- YOUR OBJECTIVE
Count up the lines below in which the string "fixes" appears. The reply should be that number alone.

- PROVIDED DATA
=== Begin Enclosure ===

(* Let $M$ be a finite-horizon reward-free MDP, $\Pi\subseteq\Pi_{\mathrm{RNS}}$, $h\in[H]$, and let $\mu\in\Delta(\mathcal{X}\times\mathcal{A})$ with $C_\infty\equiv C^M_{\infty;h}(\mu)$. Then for all $p\in\Delta(\Pi_{\mathrm{RNS}})$, $$\Psi^M_{h,\varepsilon}(p)\le 2C_\infty\cdot\Psi^M_{\mu;h,\varepsilon}(p).$$ Furthermore, $\mathsf{Cov}^M_{\mu;h,\varepsilon}\le 1$ for all $\varepsilon>0$.
   Context: Episodic reward-free MDP $M$ (countable states $\mathcal{X}$, actions $\mathcal{A}$, horizon $H$); $\Pi_{\mathrm{RNS}}$ randomized non-stationary policies; $d^{M,\pi}_h(x,a)$ the layer-$h$ state-action occupancy of $\pi$, and $d^{M,p}_h=\mathbb{E}_{\pi\sim p}d^{M,\pi}_h$ for mixtures $p$. Definitions: $\Psi^M_{h,\varepsilon}(p)=\sup_{\pi\in\Pi}\mathbb{E}^{M,\pi}\big[\frac{d^{M,\pi}_h(x_h,a_h)}{d^{M,p}_h(x_h,a_h)+\varepsilon d^{M,\pi}_h(x_h,a_h)}\big]$; $C^M_{\infty;h}(\mu)=\sup_{\pi\in\Pi}\sup_{(x,a)}\frac{d^{M,\pi}_h(x,a)}{\mu(x,a)}$; $\Psi^M_{\mu;h,\varepsilon}(p)=\sup_{\pi\in\Pi}\mathbb{E}^{M,\pi}\big[\frac{\mu(x_h,a_h)}{d^{M,p}_h(x_h,a_h)+\varepsilon C_\infty\mu(x_h,a_h)}\big]$ with $C_\infty=C^M_{\infty;h}(\mu)$; $\mathsf{Cov}^M_{\mu;h,\varepsilon}=\inf_{p\in\Delta(\Pi)}\Psi^M_{\mu;h,\varepsilon}(p)$. *)

theory Defs
  imports "HOL-Probability.Probability"
begin

text \<open>Layers are numbered 1..H. The initial state x_1 is drawn from mdp_init;
  at layer k, after playing a_k in x_k, the next state is drawn from mdp_trans M k x_k a_k.\<close>
record ('x, 'a) mdp =
  mdp_init  :: "'x pmf"
  mdp_trans :: "nat \<Rightarrow> 'x \<Rightarrow> 'a \<Rightarrow> 'x pmf"
  mdp_horizon :: nat

type_synonym ('x, 'a) policy = "nat \<Rightarrow> 'x \<Rightarrow> 'a pmf"

text \<open>state_dist M pi n is the law of the state at layer n+1 under pi.\<close>
primrec state_dist :: "('x, 'a) mdp \<Rightarrow> ('x, 'a) policy \<Rightarrow> nat \<Rightarrow> 'x pmf" where
  "state_dist M \<pi> 0 = mdp_init M"
| "state_dist M \<pi> (Suc n) =
     bind_pmf (state_dist M \<pi> n)
       (\<lambda>x. bind_pmf (\<pi> (Suc n) x) (\<lambda>a. mdp_trans M (Suc n) x a))"

text \<open>Law of the layer-h state-action pair (x_h, a_h) under pi (h \<ge> 1).\<close>
definition sa_dist :: "('x, 'a) mdp \<Rightarrow> ('x, 'a) policy \<Rightarrow> nat \<Rightarrow> ('x \<times> 'a) pmf" where
  "sa_dist M \<pi> h = bind_pmf (state_dist M \<pi> (h - 1)) (\<lambda>x. map_pmf (\<lambda>a. (x, a)) (\<pi> h x))"

definition occ :: "('x, 'a) mdp \<Rightarrow> ('x, 'a) policy \<Rightarrow> nat \<Rightarrow> 'x \<times> 'a \<Rightarrow> real" where
  "occ M \<pi> h xa = pmf (sa_dist M \<pi> h) xa"

definition occ_mix :: "('x, 'a) mdp \<Rightarrow> ('x, 'a) policy pmf \<Rightarrow> nat \<Rightarrow> 'x \<times> 'a \<Rightarrow> real" where
  "occ_mix M p h xa = measure_pmf.expectation p (\<lambda>\<pi>. occ M \<pi> h xa)"

definition expect_h :: "('x, 'a) mdp \<Rightarrow> ('x, 'a) policy \<Rightarrow> nat \<Rightarrow> ('x \<times> 'a \<Rightarrow> real) \<Rightarrow> real" where
  "expect_h M \<pi> h f = measure_pmf.expectation (sa_dist M \<pi> h) f"

definition Psi :: "('x, 'a) mdp \<Rightarrow> ('x, 'a) policy set \<Rightarrow> nat \<Rightarrow> real \<Rightarrow> ('x, 'a) policy pmf \<Rightarrow> real" where
  "Psi M Pol h eps p = (SUP \<pi>\<in>Pol. expect_h M \<pi> h
      (\<lambda>xa. occ M \<pi> h xa / (occ_mix M p h xa + eps * occ M \<pi> h xa)))"

definition ratio :: "real \<Rightarrow> real \<Rightarrow> ereal" where
  "ratio d m = (if m = 0 then (if d = 0 then 0 else \<infinity>) else ereal (d / m))"

definition Cinf :: "('x, 'a) mdp \<Rightarrow> ('x, 'a) policy set \<Rightarrow> nat \<Rightarrow> ('x \<times> 'a) pmf \<Rightarrow> ereal" where
  "Cinf M Pol h \<mu> = (SUP \<pi>\<in>Pol. SUP xa. ratio (occ M \<pi> h xa) (pmf \<mu> xa))"

text \<open>Psi^M_{mu;h,eps}(p), using C_infty = Cinf M Pi h mu (assumed finite where used).\<close>
definition Psi_mu :: "('x, 'a) mdp \<Rightarrow> ('x, 'a) policy set \<Rightarrow> nat \<Rightarrow> ('x \<times> 'a) pmf \<Rightarrow> real
    \<Rightarrow> ('x, 'a) policy pmf \<Rightarrow> real" where
  "Psi_mu M Pol h \<mu> eps p = (SUP \<pi>\<in>Pol. expect_h M \<pi> h
      (\<lambda>xa. pmf \<mu> xa / (occ_mix M p h xa + eps * real_of_ereal (Cinf M Pol h \<mu>) * pmf \<mu> xa)))"

definition Cov_mu :: "('x, 'a) mdp \<Rightarrow> ('x, 'a) policy set \<Rightarrow> nat \<Rightarrow> ('x \<times> 'a) pmf \<Rightarrow> real \<Rightarrow> real" where
  "Cov_mu M Pol h \<mu> eps = (INF p\<in>{p. set_pmf p \<subseteq> Pol}. Psi_mu M Pol h \<mu> eps p)"

end

theory Submission
  imports Defs
begin

text \<open>
  The first inequality is pointwise: x / (D + \<epsilon> x) is increasing in x and
  d^\<pi> \<le> C \<mu> (C = C_\<infinity>), so the integrand of \<Psi>(p) is at most C times that of \<Psi>_\<mu>(p).

  The bound on Cov is a minimax statement, proved without a minimax theorem by maximising
  the concave potential \<Phi>(p) = E_\<mu>[ln (1 + d^p / (\<epsilon> C \<mu>))] over mixtures p of
  policies in \<Pi>; it is bounded by ln (1 + 1/\<epsilon>). Moving a fraction t of the mass of p to
  a policy \<pi> raises \<Phi> by at least t (E_\<mu>[d^\<pi> / (d^p + \<epsilon> C \<mu>)] - 1) - O(t^2), and after
  the change of measure from d^\<pi> to \<mu> that expectation is the integral defining \<Psi>_\<mu>(p)
  at \<pi>. At a near-maximiser p the increment is almost nonpositive for every \<pi>, whence
  \<Psi>_\<mu>(p) \<le> 1 + \<eta> for arbitrarily small \<eta>.
\<close>

definition mix_return_pmf :: "real \<Rightarrow> 'a \<Rightarrow> 'a pmf \<Rightarrow> 'a pmf" where
  "mix_return_pmf t a p = bind_pmf (bernoulli_pmf t) (\<lambda>b. if b then return_pmf a else p)"

lemma set_pmf_mix_return_pmf_subset:
  "set_pmf (mix_return_pmf t a p) \<subseteq> insert a (set_pmf p)"
  by (auto simp: mix_return_pmf_def split: if_splits)

lemma integral_mix_return_pmf:
  fixes f :: "'a \<Rightarrow> real" and p :: "'a pmf"
  assumes t: "0 \<le> t" "t \<le> 1" and f_nonneg: "\<And>x. 0 \<le> f x" and f_int: "integrable p f"
  shows "(\<integral>x. f x \<partial>mix_return_pmf t a p) = t * f a + (1 - t) * (\<integral>x. f x \<partial>p)"
proof -
  define I where "I = (\<integral>x. f x \<partial>p)"
  have I_nonneg: "0 \<le> I"
    unfolding I_def using f_nonneg by (simp add: integral_nonneg_AE)
  have "(\<integral>\<^sup>+x. f x \<partial>p) = ennreal I"
    unfolding I_def using f_int f_nonneg by (simp add: nn_integral_eq_integral)
  then have "(\<integral>\<^sup>+x. f x \<partial>mix_return_pmf t a p) = ennreal (t * f a + (1 - t) * I)"
    using t f_nonneg[of a] I_nonneg
    by (simp add: mix_return_pmf_def ennreal_mult ennreal_plus mult.commute)
  moreover have "0 \<le> t * f a + (1 - t) * I"
    using t f_nonneg[of a] I_nonneg by simp
  ultimately show ?thesis
    unfolding I_def[symmetric] by (simp add: integral_eq_nn_integral f_nonneg)
qed

lemma integrable_measure_pmf_nonneg_bounded:
  fixes f :: "'a \<Rightarrow> real" and p :: "'a pmf"
  assumes "\<And>x. x \<in> set_pmf p \<Longrightarrow> 0 \<le> f x" "\<And>x. x \<in> set_pmf p \<Longrightarrow> f x \<le> B"
  shows "integrable (measure_pmf p) f"
  by (rule measure_pmf.integrable_const_bound[where B=B]) (auto intro!: AE_pmfI simp: assms)

lemma integral_pmf_mult_swap:
  fixes f :: "'k::countable \<Rightarrow> real" and p q :: "'k pmf"
  shows "(\<integral>k. pmf q k * f k \<partial>p) = (\<integral>k. pmf p k * f k \<partial>q)"
  by (simp add: measure_pmf_eq_density integral_density mult.left_commute)

lemma divide_add_mult_self_bounds:
  fixes a D c :: real
  assumes "0 \<le> a" "0 \<le> D" "0 < c"
  shows "0 \<le> a / (D + c * a)" and "a / (D + c * a) \<le> 1 / c"
proof -
  show "0 \<le> a / (D + c * a)"
    using assms by simp
  show "a / (D + c * a) \<le> 1 / c"
  proof (cases "a = 0")
    case False
    then have "a / (D + c * a) \<le> a / (c * a)"
      using assms by (intro divide_left_mono) (auto intro!: mult_pos_pos add_nonneg_pos)
    then show ?thesis
      using False by simp
  qed (use assms in simp)
qed

lemma divide_add_mult_self_le_scaled:
  fixes d m D e C :: real
  assumes "0 \<le> d" "d \<le> C * m" "0 \<le> D" "0 < e" "0 < C"
  shows "d / (D + e * d) \<le> C * (m / (D + e * C * m))"
proof (cases "d = 0")
  case False
  then have "0 < C * m"
    using assms by linarith
  then have pos: "0 < D + e * d" "0 < D + e * (C * m)"
    using assms False by (simp_all add: add_nonneg_pos)
  have "d * (D + e * (C * m)) \<le> C * m * (D + e * d)"
    using mult_right_mono[OF assms(2,3)] by (simp add: algebra_simps)
  then have "d / (D + e * d) \<le> C * m / (D + e * (C * m))"
    unfolding frac_le_eq[OF pos[THEN less_imp_neq, symmetric]]
    using pos by (intro divide_nonpos_pos) auto
  then show ?thesis
    by (simp add: mult.assoc)
qed (use assms in \<open>simp add: zero_le_mult_iff\<close>)

lemma ln_one_plus_div_convex_step_ge:
  fixes b D d e t :: real
  assumes b: "0 < b" and D: "0 \<le> D" and d: "0 \<le> d" and gap: "e * \<bar>d - D\<bar> \<le> b"
    and e: "0 < e" and t: "0 \<le> t" "t \<le> 1" "t \<le> e / 2"
  shows "t * (d / (D + b) - 1) - 2 * (t / e)\<^sup>2
           \<le> ln (1 + (t * d + (1 - t) * D) / b) - ln (1 + D / b)"
proof -
  define r where "r = (d - D) / (D + b)"
  have "\<bar>r\<bar> \<le> \<bar>d - D\<bar> / b"
    using b D by (simp add: r_def abs_divide frac_le)
  also have "\<dots> \<le> 1 / e"
    using gap b e by (simp add: field_simps)
  finally have tr_le: "\<bar>t * r\<bar> \<le> t / e"
    using mult_left_mono[of "\<bar>r\<bar>" "1 / e" t] t by (simp add: abs_mult)
  moreover have half: "t / e \<le> 1 / 2"
    using t e by (simp add: field_simps)
  ultimately have "\<bar>ln (1 + t * r) - t * r\<bar> \<le> 2 * (t * r)\<^sup>2"
    by (intro abs_ln_one_plus_x_minus_x_bound) linarith
  moreover have "(t * r)\<^sup>2 \<le> (t / e)\<^sup>2"
    using tr_le by (metis abs_ge_zero power2_abs power_mono)
  ultimately have ln_ge: "t * r - 2 * (t / e)\<^sup>2 \<le> ln (1 + t * r)"
    by (simp add: abs_le_iff)
  have "0 < D + b"
    using b D by simp
  then have "1 + t * r = (D + b + t * (d - D)) / (D + b)"
    by (simp add: r_def field_simps)
  then have "1 + (t * d + (1 - t) * D) / b = (1 + D / b) * (1 + t * r)"
    using b \<open>0 < D + b\<close> by (simp add: field_simps)
  moreover have "0 < 1 + D / b" "0 < 1 + t * r"
    using b D tr_le half by (simp_all add: add_pos_nonneg, linarith)
  ultimately have "ln (1 + (t * d + (1 - t) * D) / b) - ln (1 + D / b) = ln (1 + t * r)"
    by (simp add: ln_mult)
  moreover have "d / (D + b) - 1 \<le> r"
    using b D by (simp add: r_def diff_divide_distrib)
  ultimately show ?thesis
    using ln_ge t by (smt (verit) mult_left_mono)
qed

text \<open>\<mu> is the reference distribution, d \<pi> the occupancy of \<pi> and C the constant C_\<infinity>;
  mixture p is d^p and coverage e p \<pi> is the integral defining \<Psi>_\<mu>(p) at \<pi>, taken against \<mu>.\<close>

locale dominated_family =
  fixes \<mu> :: "'k pmf" and C :: real and d :: "'p \<Rightarrow> 'k \<Rightarrow> real" and P :: "'p set"
  assumes P_nonempty: "P \<noteq> {}"
    and C_pos: "0 < C"
    and d_nonneg: "\<And>\<pi> k. 0 \<le> d \<pi> k"
    and d_dominated: "\<And>\<pi> k. \<pi> \<in> P \<Longrightarrow> d \<pi> k \<le> C * pmf \<mu> k"
begin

=== End Enclosure ===

- OUTPUT OF THE TASK
7